Research Paper#Vision Transformers, Fine-tuning, Low-Rank Adaptation, Point Cloud Analysis🔬 ResearchAnalyzed: Jan 3, 2026 06:29
CLoRA: Efficient Vision Transformer Fine-tuning
Published:Dec 31, 2025 03:46
•1 min read
•ArXiv
Analysis
This paper introduces CLoRA, a novel method for fine-tuning pre-trained vision transformers. It addresses the trade-off between performance and parameter efficiency in existing LoRA methods. The core idea is to share base spaces and enhance diversity among low-rank modules. The paper claims superior performance and efficiency compared to existing methods, particularly in point cloud analysis.
Key Takeaways
- •Proposes CLoRA, a new fine-tuning method for Vision Transformers.

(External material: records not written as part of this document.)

(* Fix $1<p,q<\infty$ with $\frac1p+\frac1q=1$ and an integer $r>1$; let $s=r^{1/p}$, $M=\lfloor\log_2 r\rfloor$ and let $\alpha>0$ satisfy $\alpha^M=s$. Let $(x_n)_n\subseteq\mathcal N_\alpha$ be a block sequence such that $\alpha^{-3}\le\|J_mx_n\|_p\le 1$ for all $n,m\in\mathbb N$. Then for any $a_1,\dots,a_N\in\mathbb R$, $$\alpha^{-4p}\Big\|\sum_{n=1}^N a_nx_n\Big\|_p\le M^{1/p}\Big|\sum_{n=1}^N a_nx_n\Big|_{p,r}\le 6(p+q)\alpha^4\Big\|\sum_{n=1}^N a_nx_n\Big\|_p.$$
   Context: $c_{00}$ = finitely supported real sequences; a block sequence $(x_n)$ means $\max{\rm supp}\,x_n<\min{\rm supp}\,x_{n+1}$. For $\beta>0$ let $C_\beta=\{\pm\beta^j: j\in\mathbb Z\}\cup\{0\}$ and $\mathcal N_\beta=\{x\in c_{00}: x(i)\in C_\beta\ \forall i\}$. For $x\in\mathcal N_\alpha$ and $m\in\mathbb N$, $J_{m,x}=\{i\in{\rm supp}\,x: \alpha^{-m}x(i)\in C_s\}$ and $J_mx$ is the restriction of $x$ to $J_{m,x}$ (coordinates outside set to $0$). Let $K^{\mathcal M}_{q,r}$ be the smallest subset of $c_{00}$ containing all $\pm e_n$ and such that whenever $y_1,\dots,y_l\in K^{\mathcal M}_{q,r}$, $l\le r$, have pairwise disjoint supports, then $r^{-1/q}(y_1+\dots+y_l)\in K^{\mathcal M}_{q,r}$; $|x|_{p,r}=\sup\{\sum_i x(i)y(i): y\in K^{\mathcal M}_{q,r}\}$. *)

theory Defs
  imports Complex_Main
begin

definition supp :: "(nat \<Rightarrow> real) \<Rightarrow> nat set" where
  "supp x = {i. x i \<noteq> 0}"

definition c00 :: "(nat \<Rightarrow> real) set" where
  "c00 = {x. finite (supp x)}"

definition Cset :: "real \<Rightarrow> real set" where
  "Cset \<beta> = {v. \<exists>j::int. v = \<beta> powi j \<or> v = - (\<beta> powi j)} \<union> {0}"

definition Nset :: "real \<Rightarrow> (nat \<Rightarrow> real) set" where
  "Nset \<beta> = {x \<in> c00. \<forall>i. x i \<in> Cset \<beta>}"

definition Jidx :: "real \<Rightarrow> real \<Rightarrow> nat \<Rightarrow> (nat \<Rightarrow> real) \<Rightarrow> nat set" where
  "Jidx \<alpha> s m x = {i \<in> supp x. \<alpha> powi (- int m) * x i \<in> Cset s}"

definition Jop :: "real \<Rightarrow> real \<Rightarrow> nat \<Rightarrow> (nat \<Rightarrow> real) \<Rightarrow> (nat \<Rightarrow> real)" where
  "Jop \<alpha> s m x = (\<lambda>i. if i \<in> Jidx \<alpha> s m x then x i else 0)"

definition block_seq :: "(nat \<Rightarrow> (nat \<Rightarrow> real)) \<Rightarrow> bool" where
  "block_seq xs \<longleftrightarrow> (\<forall>n\<ge>1. \<forall>i \<in> supp (xs n). \<forall>j \<in> supp (xs (Suc n)). i < j)"

definition unitvec :: "nat \<Rightarrow> (nat \<Rightarrow> real)" where
  "unitvec n = (\<lambda>i. if i = n then 1 else 0)"

inductive_set KM :: "real \<Rightarrow> nat \<Rightarrow> (nat \<Rightarrow> real) set" for q :: real and r :: nat where
  base_pos: "unitvec n \<in> KM q r"
| base_neg: "(\<lambda>i. - unitvec n i) \<in> KM q r"
| comb: "\<lbrakk> \<forall>y\<in>set ys. y \<in> KM q r; 1 \<le> length ys; length ys \<le> r;
          \<forall>k<length ys. \<forall>l<length ys. k \<noteq> l \<longrightarrow> supp (ys ! k) \<inter> supp (ys ! l) = {} \<rbrakk>
        \<Longrightarrow> (\<lambda>i. real r powr (-1/q) * (\<Sum>y\<leftarrow>ys. y i)) \<in> KM q r"

definition pnorm :: "real \<Rightarrow> (nat \<Rightarrow> real) \<Rightarrow> real" where
  "pnorm p x = (\<Sum>i\<in>supp x. \<bar>x i\<bar> powr p) powr (1/p)"

text \<open>|x|_{p,r}, where q is the conjugate exponent of p (passed explicitly).\<close>
definition prnorm :: "real \<Rightarrow> nat \<Rightarrow> (nat \<Rightarrow> real) \<Rightarrow> real" where
  "prnorm q r x = Sup {(\<Sum>i\<in>supp x. x i * y i) | y. y \<in> KM q r}"

end

theory Submission
  imports Defs
begin

text \<open>Write X = \<Sum>n a_n x_n and S = \<Sum>n |a_n|^p. Every |x_n(i)| is a power \<alpha>^j, and J_m x_n
  is the part of x_n with j = m (mod M); so x_n is the disjoint sum of M pieces of p-mass in
  [\<alpha>^(-3p), 1], and \<parallel>X\<parallel>_p^p equals M S up to the factor \<alpha>^(-3p).

  The norming set K consists exactly of the nonzero vectors with entries \<plusminus>r^(-d/q) and
  q-mass at most 1: one inclusion by induction, the other by packing the entries into r
  bins, as in the proof of Kraft's inequality.

  Upper bound: for y in K, a Young-type inequality on each coordinate, sharpened by the
  lattice structure of the exponents, gives \<langle>X, y\<rangle> \<le> 2 (A S)^(1/p), where
  A = \<Sum>k<M \<alpha>^(-pk/q) \<le> 1 + 2q because \<alpha>^p \<ge> 2. Lower bound: on each block keep a single class
  J_m x_n, chosen according to |a_n|^p / S, and put there values \<plusminus>r^(-d/q) matched to |x_n(i)|;
  by the characterisation of K this vector lies in K, and its pairing with X is at least
  \<alpha>^(-p/q) \<alpha>^(-3p) S^(1/p).\<close>

lemma add_le_of_dvd_less:
  fixes v l c :: nat
  assumes "v dvd l" and "v dvd c" and "l < c"
  shows "l + v \<le> c"
proof -
  obtain k where k: "l = v * k" using assms(1) by (auto elim: dvdE)
  obtain k' where k': "c = v * k'" using assms(2) by (auto elim: dvdE)
  have "k < k'" using assms(3) k k' by simp
  then show ?thesis unfolding k k' by (metis Suc_leI mult_Suc_right add.commute mult_le_mono2)
qed

lemma exists_light_bin:
  fixes w :: "'a \<Rightarrow> nat"
  assumes "finite S" and "\<forall>i\<in>S. g i < k" and "(\<Sum>i\<in>S. w i) < k * C"
  shows "\<exists>b<k. (\<Sum>i\<in>{i\<in>S. g i = b}. w i) < C"
proof (rule ccontr)
  assume "\<not> ?thesis"
  then have "(\<Sum>b<k. C) \<le> (\<Sum>b<k. \<Sum>i\<in>{i\<in>S. g i = b}. w i)"
    by (intro sum_mono) auto
  also have "\<dots> = (\<Sum>i\<in>S. w i)"
    using sum.group[of S "{..<k}" g w] assms(1,2) by (auto simp: image_subset_iff)
  finally show False using assms(3) by simp
qed

lemma divisible_bin_packing:
  fixes e :: "'a \<Rightarrow> nat" and R E k :: nat
  assumes "finite F" and "R \<ge> 1" and "\<forall>i\<in>F. e i \<le> E"
    and "(\<Sum>i\<in>F. R ^ (E - e i)) \<le> k * R ^ E"
  shows "\<exists>g. (\<forall>i\<in>F. g i < k) \<and> (\<forall>b<k. (\<Sum>i\<in>{i\<in>F. g i = b}. R ^ (E - e i)) \<le> R ^ E)"
  using assms(1,3,4)
proof (induction F rule: finite_ranking_induct[where f = e])
  case empty
  then show ?case by auto
next
  case (insert x S)
  show ?case
  proof (cases "x \<in> S")
    case True
    then show ?thesis using insert by (simp add: insert_absorb)
  next
    case x_new: False
    obtain g where g_lt: "\<forall>i\<in>S. g i < k"
      and g_bins: "\<forall>b<k. (\<Sum>i\<in>{i\<in>S. g i = b}. R ^ (E - e i)) \<le> R ^ E"
      using insert x_new by auto
    define v where "v = R ^ (E - e x)"
    have v_ge_1: "v \<ge> 1" unfolding v_def using assms(2) by simp
    \<comment> \<open>x is inserted last, so its size v is the smallest one and divides every load and the
        capacity; hence a bin whose load is below capacity still has room v.\<close>
    have v_dvd: "v dvd R ^ (E - e i)" if "i \<in> S" for i
      unfolding v_def using insert.hyps(2)[OF that] by (intro le_imp_power_dvd) auto
    have v_dvd_cap: "v dvd R ^ E" unfolding v_def by (intro le_imp_power_dvd) auto
    have "(\<Sum>i\<in>S. R ^ (E - e i)) < k * R ^ E"
      using insert.prems(2) x_new insert.hyps(1) v_ge_1 by (simp add: v_def)
    then have "\<exists>b<k. (\<Sum>i\<in>{i\<in>S. g i = b}. R ^ (E - e i)) < R ^ E"
      using exists_light_bin[OF insert.hyps(1) g_lt] by blast
    then obtain b where b: "b < k" and b_room: "(\<Sum>i\<in>{i\<in>S. g i = b}. R ^ (E - e i)) < R ^ E"
      by auto
    have "v dvd (\<Sum>i\<in>{i\<in>S. g i = b}. R ^ (E - e i))" by (intro dvd_sum) (auto intro: v_dvd)
    then have b_fits: "(\<Sum>i\<in>{i\<in>S. g i = b}. R ^ (E - e i)) + v \<le> R ^ E"
      using v_dvd_cap b_room by (rule add_le_of_dvd_less)
    define g' where "g' = g(x := b)"
    have "(\<Sum>i\<in>{i\<in>insert x S. g' i = b'}. R ^ (E - e i)) \<le> R ^ E" if "b' < k" for b'
    proof (cases "b' = b")
      case True
      then have "{i\<in>insert x S. g' i = b'} = insert x {i\<in>S. g i = b}"
        using x_new by (auto simp: g'_def)
      then show ?thesis using b_fits x_new insert.hyps(1) by (simp add: v_def)
    next
      case False
      then have "{i\<in>insert x S. g' i = b'} = {i\<in>S. g i = b'}"
        using x_new by (auto simp: g'_def)
      then show ?thesis using g_bins that by simp
    qed
    moreover have "\<forall>i\<in>insert x S. g' i < k" using g_lt b by (auto simp: g'_def)
    ultimately show ?thesis by blast
  qed
qed

lemma supp_unitvec [simp]: "supp (unitvec n) = {n}"
  by (auto simp: supp_def unitvec_def)

lemma KM_of_partition:
  fixes q :: real and r :: nat and g :: "nat \<Rightarrow> nat"
  assumes r: "r > 0" and fin: "finite (supp y)" and ne: "supp y \<noteq> {}"
    and g_lt: "\<forall>i\<in>supp y. g i < r"
    and parts: "\<And>b. b < r \<Longrightarrow> {i\<in>supp y. g i = b} \<noteq> {} \<Longrightarrow>
      (\<lambda>i. if i \<in> supp y \<and> g i = b then real r powr (1/q) * y i else 0) \<in> KM q r"
  shows "y \<in> KM q r"
proof -
  define yb where "yb b = (\<lambda>i. if i \<in> supp y \<and> g i = b then real r powr (1/q) * y i else 0)" for b
  have supp_yb: "supp (yb b) = {i\<in>supp y. g i = b}" for b
    using r by (auto simp: yb_def supp_def)
  define bs where "bs = filter (\<lambda>b. {i\<in>supp y. g i = b} \<noteq> {}) [0..<r]"
  define ys where "ys = map yb bs"
  have dist_bs: "distinct bs" by (simp add: bs_def)
  have set_bs: "set bs = {b. b < r \<and> {i\<in>supp y. g i = b} \<noteq> {}}" by (auto simp: bs_def)
  have "\<forall>z\<in>set ys. z \<in> KM q r" using parts set_bs by (auto simp: ys_def yb_def)
  moreover have "1 \<le> length ys"
  proof -
    obtain i where "i \<in> supp y" using ne by auto
    then have "g i \<in> set bs" using set_bs g_lt by auto
    then show ?thesis by (auto simp: ys_def Suc_le_eq)
  qed
  moreover have "length ys \<le> r"
    unfolding ys_def bs_def using length_filter_le[of _ "[0..<r]"] by simp
  moreover have "\<forall>k<length ys. \<forall>l<length ys. k \<noteq> l \<longrightarrow> supp (ys ! k) \<inter> supp (ys ! l) = {}"
  proof (intro allI impI)
    fix k l assume "k < length ys" "l < length ys" "k \<noteq> l"
    then have "bs ! k \<noteq> bs ! l" using dist_bs by (simp add: ys_def nth_eq_iff_index_eq)
    then show "supp (ys ! k) \<inter> supp (ys ! l) = {}"
      using \<open>k < length ys\<close> \<open>l < length ys\<close> by (auto simp: ys_def supp_yb)
  qed
  ultimately have "(\<lambda>i. real r powr (-1/q) * (\<Sum>z\<leftarrow>ys. z i)) \<in> KM q r"
    by (rule KM.comb)
  moreover have "real r powr (-1/q) * (\<Sum>z\<leftarrow>ys. z i) = y i" for i
  proof -
    have "(\<Sum>z\<leftarrow>ys. z i) = (\<Sum>b\<in>set bs. yb b i)"
      unfolding ys_def using dist_bs by (simp add: sum_list_distinct_conv_sum_set comp_def)
    also have "\<dots> = real r powr (1/q) * y i"
    proof (cases "i \<in> supp y")
      case True
      then have "(\<Sum>b\<in>set bs. yb b i) = yb (g i) i"
        using set_bs g_lt by (intro sum.remove[THEN trans]) (auto simp: yb_def intro!: sum.neutral)
      then show ?thesis using True by (simp add: yb_def)
    next
      case False
      then have "y i = 0" by (simp add: supp_def)
      then show ?thesis by (simp add: yb_def sum.neutral)
    qed
    finally show ?thesis using r by (simp add: powr_add[symmetric])
  qed
  ultimately show ?thesis by simp
qed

- •Employs base-space sharing and sample-agnostic diversity enhancement (SADE).
- •Aims to balance performance and parameter efficiency.
- •Demonstrates superior performance, especially in point cloud analysis.
- •Requires fewer GFLOPs compared to state-of-the-art methods.
Reference
“CLoRA strikes a better balance between learning performance and parameter efficiency, while requiring the fewest GFLOPs for point cloud analysis, compared with the state-of-the-art methods.”